“I don’t want to go to school tomorrow” my daughter said yesterday evening. Not so unusual words from a 13 year old kid. In fact not so unusual words from any kid on a Sunday night when “the blues” kick in. The Sunday night blues, that kind of sickish, crappy, depressed feeling you get when you know you have to start a new week, especially after a fun weekend. She spent Saturday with a close friend at a local women’s college basketball game. That same friend spent the night at our place and we took them with my son and I to a sledding event we hold every year with the cub scouts. Yes, no doubt a fun weekend and one that makes a Monday morning school day look, by far, less than appealing.
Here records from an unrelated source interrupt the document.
lemma rat_sphere_proj_pt:
  assumes cop: "coprime P Q" and deg: "max (degree P) (degree Q) = 2" and nz: "x \<noteq> 0 \<or> y \<noteq> 0"
  shows "rat_sphere P Q (proj_pt x y) = proj_pt (homog2 P x y) (homog2 Q x y)"
proof (cases "y = 0")
  case False
  with cop deg show ?thesis
    by (simp add: rat_sphere_def homog2_eq_poly proj_pt_def Let_def)
next
  case True
  then have x: "x \<noteq> 0" and homog: "homog2 P x y = coeff P 2 * x^2" "homog2 Q x y = coeff Q 2 * x^2"
    using nz by (simp_all add: homog2_def)
  have lead: "coeff A 2 \<noteq> 0" if "degree A = 2" for A :: "complex poly"
    using that by (metis leading_coeff_0_iff zero_neq_numeral degree_0)
  consider "degree P = 2" "degree Q < 2" | "degree P = 2" "degree Q = 2" | "degree P < 2" "degree Q = 2"
    using deg by linarith
  then show ?thesis
  proof cases
    case 1
    then have "coeff Q 2 = 0" by (simp add: coeff_eq_0)
    with 1 show ?thesis using True homog cop by (simp add: rat_sphere_def proj_pt_def Let_def)
  next
    case 2
    then show ?thesis using True x homog cop lead[of P] lead[of Q] by (simp add: rat_sphere_def proj_pt_def Let_def)
  next
    case 3
    then have "coeff P 2 = 0" by (simp add: coeff_eq_0)
    with 3 show ?thesis using True x homog cop lead[of Q] by (simp add: rat_sphere_def proj_pt_def Let_def)
  qed
qed

lemma homog2_lift_nonzero:
  assumes cop: "coprime P Q" and deg: "max (degree P) (degree Q) = 2" and nz: "x \<noteq> 0 \<or> y \<noteq> 0"
  shows "homog2 P x y \<noteq> 0 \<or> homog2 Q x y \<noteq> 0"
proof (cases "y = 0")
  case False
  then show ?thesis
    using coprime_poly_0[OF cop, of "x / y"] deg by (simp add: homog2_eq_poly)
next
  case True
  have "coeff P 2 \<noteq> 0 \<or> coeff Q 2 \<noteq> 0"
    using deg by (metis leading_coeff_0_iff max_def zero_neq_numeral degree_0)
  then show ?thesis
    using True nz by (auto simp: homog2_def)
qed

lemma proj_pt_scale: "k \<noteq> 0 \<Longrightarrow> proj_pt (k * x) (k * y) = proj_pt x y"
  by (simp add: proj_pt_def)

lemma proj_pt_eq_iff:
  assumes "x \<noteq> 0 \<or> y \<noteq> 0" "x' \<noteq> 0 \<or> y' \<noteq> 0"
  shows "proj_pt x y = proj_pt x' y' \<longleftrightarrow> x * y' = x' * y"
  using assms by (auto simp: proj_pt_def field_simps)

lemma mobius_proj_pt:
  assumes "x \<noteq> 0 \<or> y \<noteq> 0"
  shows "mobius a b c d (proj_pt x y) = proj_pt (a * x + b * y) (c * x + d * y)"
proof (cases "y = 0")
  case True
  then show ?thesis
    using assms by (auto simp: mobius_def proj_pt_def)
next
  case False
  have "c * (x / y) + d = (c * x + d * y) / y" "a * (x / y) + b = (a * x + b * y) / y"
    using False by (metis add_divide_distrib nonzero_mult_div_cancel_right times_divide_eq_right)+
  moreover have "(u / y) / (v / y) = u / v" for u v
    using False by (cases "v = 0") simp_all
  ultimately show ?thesis
    using False by (simp only: mobius_def proj_pt_def option.case divide_eq_0_iff simp_thms if_False)
qed

lemma homog_coords:
  assumes "homog_coords \<zeta> = (x, y)"
  shows "proj_pt x y = \<zeta>" and "x \<noteq> 0 \<or> y \<noteq> 0"
  using assms by (auto simp: homog_coords_def proj_pt_def split: option.splits)

lemma fixed_point_eigenvector:
  assumes cop: "coprime P Q" and deg: "max (degree P) (degree Q) = 2"
    and nz: "x \<noteq> 0 \<or> y \<noteq> 0" and fixed: "rat_sphere P Q (proj_pt x y) = proj_pt x y"
  obtains \<mu> where "\<mu> \<noteq> 0" "homog2 P x y = \<mu> * x" "homog2 Q x y = \<mu> * y"
proof -
  have lift: "homog2 P x y \<noteq> 0 \<or> homog2 Q x y \<noteq> 0"
    using homog2_lift_nonzero[OF cop deg nz] .
  then have collinear: "homog2 P x y * y = x * homog2 Q x y"
    using fixed rat_sphere_proj_pt[OF cop deg nz] proj_pt_eq_iff[OF _ nz] by simp
  show ?thesis
  proof (cases "y = 0")
    case True
    then show ?thesis
      using that[of "homog2 P x y / x"] collinear lift nz by auto
  next
    case False
    with collinear lift have "homog2 Q x y \<noteq> 0"
      by auto
    with False collinear show ?thesis
      by (intro that[of "homog2 Q x y / y"]) (auto simp: field_simps)
  qed
qed

lemma homog_coords_independent:
  assumes "homog_coords \<zeta> = (x, y)" "homog_coords \<zeta>' = (x', y')" "\<zeta> \<noteq> \<zeta>'"
  shows "det2 x y x' y' \<noteq> 0"
  using assms homog_coords[OF assms(1)] homog_coords[OF assms(2)] proj_pt_eq_iff[of x y x' y'] by auto

lemma inf_chart_homog2:
  assumes cop: "coprime P Q" and dP: "degree P = 2" and dQ: "degree Q < 2"
  shows "inf_chart P Q w = homog2 Q 1 w / homog2 P 1 w"
proof (cases "w = 0")
  case True
  have "coeff Q 2 = 0"
    using dQ by (intro coeff_eq_0) simp
  then show ?thesis
    using True dP dQ cop by (simp add: inf_chart_def homog2_def)
next
  case False
  have e: "w ^ (2 - degree Q) * w ^ degree Q = w^2"
    using dQ by (metis le_add_diff_inverse2 less_imp_le_nat power_add)
  have "inf_chart P Q w = w ^ (2 - degree Q) * (w ^ degree Q * poly Q (inverse w)) / (w^2 * poly P (inverse w))"
    using False dP cop by (simp add: inf_chart_def poly_reflect_poly_nz)
  also have "\<dots> = (w^2 * poly Q (1 / w)) / (w^2 * poly P (1 / w))"
    by (simp add: e mult.assoc[symmetric] inverse_eq_divide)
  also have "\<dots> = homog2 Q 1 w / homog2 P 1 w"
    using homog2_eq_poly[of Q w 1] homog2_eq_poly[of P w 1] dP dQ False by simp
  finally show ?thesis .
qed
text \<open>Sort the permutations of \<open>{..m}\<close> by the image of \<open>m\<close>: those fixing \<open>m\<close> contribute
  \<open>tr M\<close> times the shorter sum, and composing \<open>q\<close> with the transposition of \<open>m\<close> and \<open>q a\<close>
  merges the factors \<open>A\<^sub>a\<close> and \<open>M\<close> into \<open>A\<^sub>a M\<close> at the cost of a sign.\<close>

lemma alt_trace_snoc:
  fixes As :: "'a::comm_ring_1 sqmat list"
  shows "alt_trace n (As @ [M])
    = sq_trace n M * alt_trace n As - (\<Sum>a<length As. alt_trace n (As[a := sq_mult n (As ! a) M]))"
proof -
  let ?m = "length As" and ?t = "Transposition.transpose (length As)"
  let ?f = "\<lambda>\<sigma>. of_int (sign \<sigma>) * perm_trace n (Suc ?m) \<sigma> (\<lambda>k. (As @ [M]) ! k) :: 'a"
  let ?P = "{q. q permutes {..<?m}}"
  have "alt_trace n (As @ [M]) = sum ?f {\<sigma>. \<sigma> permutes insert ?m {..<?m}}"
    by (simp add: alt_trace_def lessThan_Suc)
  also have "\<dots> = (\<Sum>b\<in>insert ?m {..<?m}. \<Sum>q\<in>?P. ?f (?t b \<circ> q))"
    by (rule sum_over_permutations_insert) auto
  also have "\<dots> = (\<Sum>q\<in>?P. ?f q) + (\<Sum>q\<in>?P. \<Sum>b<?m. ?f (?t b \<circ> q))"
    by (simp add: sum.swap[of _ "{..<?m}"])
  also have "(\<Sum>q\<in>?P. ?f q) = sq_trace n M * alt_trace n As"
    by (simp add: alt_trace_def sum_distrib_left perm_trace_snoc_fixed mult.left_commute)
  also have "(\<Sum>q\<in>?P. \<Sum>b<?m. ?f (?t b \<circ> q)) = - (\<Sum>a<?m. alt_trace n (As[a := sq_mult n (As ! a) M]))"
    by (simp add: sum_perm_trace_snoc_transpose alt_trace_def sum_negf sum.swap[of _ "{..<?m}"])
  finally show ?thesis
    by simp
qed
lemma affine_hyperplane_2_iff:
  "affine_hyperplane 2 H \<longleftrightarrow> (\<exists>a0 a1 b. (a0 \<noteq> 0 \<or> a1 \<noteq> 0) \<and> H = line2 a0 a1 b)"
proof
  assume "affine_hyperplane 2 H"
  then obtain a b where "\<exists>i<2. a i \<noteq> 0" "H = {x \<in> euclid_pts 2. (\<Sum>i<2. a i * x i) = b}"
    unfolding affine_hyperplane_def by blast
  then show "\<exists>a0 a1 b. (a0 \<noteq> 0 \<or> a1 \<noteq> 0) \<and> H = line2 a0 a1 b"
    unfolding line2_def sum_lessThan_2 by (auto simp: less_2_cases_iff)
next
  assume "\<exists>a0 a1 b. (a0 \<noteq> 0 \<or> a1 \<noteq> 0) \<and> H = line2 a0 a1 b"
  then obtain a0 a1 b where "a0 \<noteq> 0 \<or> a1 \<noteq> 0" "H = line2 a0 a1 b" by blast
  then show "affine_hyperplane 2 H"
    unfolding affine_hyperplane_def line2_def sum_lessThan_2
    by (intro exI[of _ "\<lambda>i. if i = 0 then a0 else a1"] exI[of _ b]) auto
qed

lemma affine_hyperplane_line2: "a0 \<noteq> 0 \<or> a1 \<noteq> 0 \<Longrightarrow> affine_hyperplane 2 (line2 a0 a1 b)"
  unfolding affine_hyperplane_2_iff by blast

lemma grid_point_in_line2 [simp]:
  "grid_point s \<in> line2 a0 a1 b \<longleftrightarrow> a0 * real (fst s) + a1 * real (snd s) = b"
  by (simp add: line2_def euclid_pts_def grid_point_def)

lemma tri_grid_2_eq: "tri_grid 2 n = grid_point ` {s. fst s + snd s < n}"
proof (intro equalityI subsetI)
  fix p assume "p \<in> tri_grid 2 n"
  then obtain c where c: "p = (\<lambda>i. real (c i))" "\<forall>i\<ge>2. c i = 0" "c 0 + c 1 < n"
    unfolding tri_grid_def sum_lessThan_2 by auto
  have "p = grid_point (c 0, c 1)"
    unfolding c(1) grid_point_def using c(2) by (auto simp: less_2_cases_iff not_less[symmetric])
  with c(3) show "p \<in> grid_point ` {s. fst s + snd s < n}" by force
next
  fix p assume "p \<in> grid_point ` {s. fst s + snd s < n}"
  then obtain x y where "p = grid_point (x, y)" "x + y < n" by auto
  then show "p \<in> tri_grid 2 n"
    unfolding tri_grid_def sum_lessThan_2 grid_point_def
    by (intro CollectI exI[of _ "\<lambda>i. if i = 0 then x else if i = 1 then y else 0"]) auto
qed

lemma inj_grid_point: "inj grid_point"
proof (rule injI)
  fix s t assume "grid_point s = grid_point t"
  then have "grid_point s 0 = grid_point t 0" "grid_point s 1 = grid_point t 1" by simp_all
  then show "s = t" by (simp add: grid_point_def prod_eq_iff)
qed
I also used to get the Sunday night blues occasionally as a kid… and lately I’ve been getting them again all too frequently. I keep wondering “don’t us responsible adults eventually grow out of that?” I know it’s a function of not being terribly satisfied with work right now and realizing too that I have let pass some of the creative pursuits (music, art, writing, etc.) that showed their directional signs to me on the roads that I have traveled to get me to where I am now. I was a cellist all through grade school. I gave it up when I went away to college because I couldn’t find the drive to take it to the next level. I used to sketch often but have not drawn anything in over two decades. Of course, I love to write, which is what got me here to this blogging site. The list goes on and on…
I’ve tried not to lose complete site of that part of me, but the day to day often gets in the way and free time is at a premium. I envy the people that have been able to build that creativity into their working life… you know that part of your life that fills up MOST of your days! Not that I necessarily could have made a lucrative career out of any of these activities, they call them “starving artists” for a reason! But in hindsight, who knows? There are so many decisions that we all make each and every day that alter the path that we will follow the next day. More and more I find myself CRAVING the “creative life” and finding it harder and harder to compartmentalize the time spent each day working vs. “creating” vs. spending some quality time with my family, my anchors as they say. I guess I want it ALL, lumped conveniently into one nice package.
Lately I’ve tried to instill this thought process into my kid’s heads. For sure, we have some time before we send them off to college and they begin planning out the rest of their lives! But I want it be be crystal clear to them that the world really is their canvas, that they should never settle on the easy path and certainly never give up on their dreams! Yeah, probably a little heavy for a couple of kids that aren’t thinking about much other than school and sports and video games… and in my daughter’s case… maybe boys (uugh!). But I guess I feel, in their case, it’s never too EARLY to start… and maybe, just maybe, in my case, with the support of my wonderful family behind me… it’s never too LATE to start over!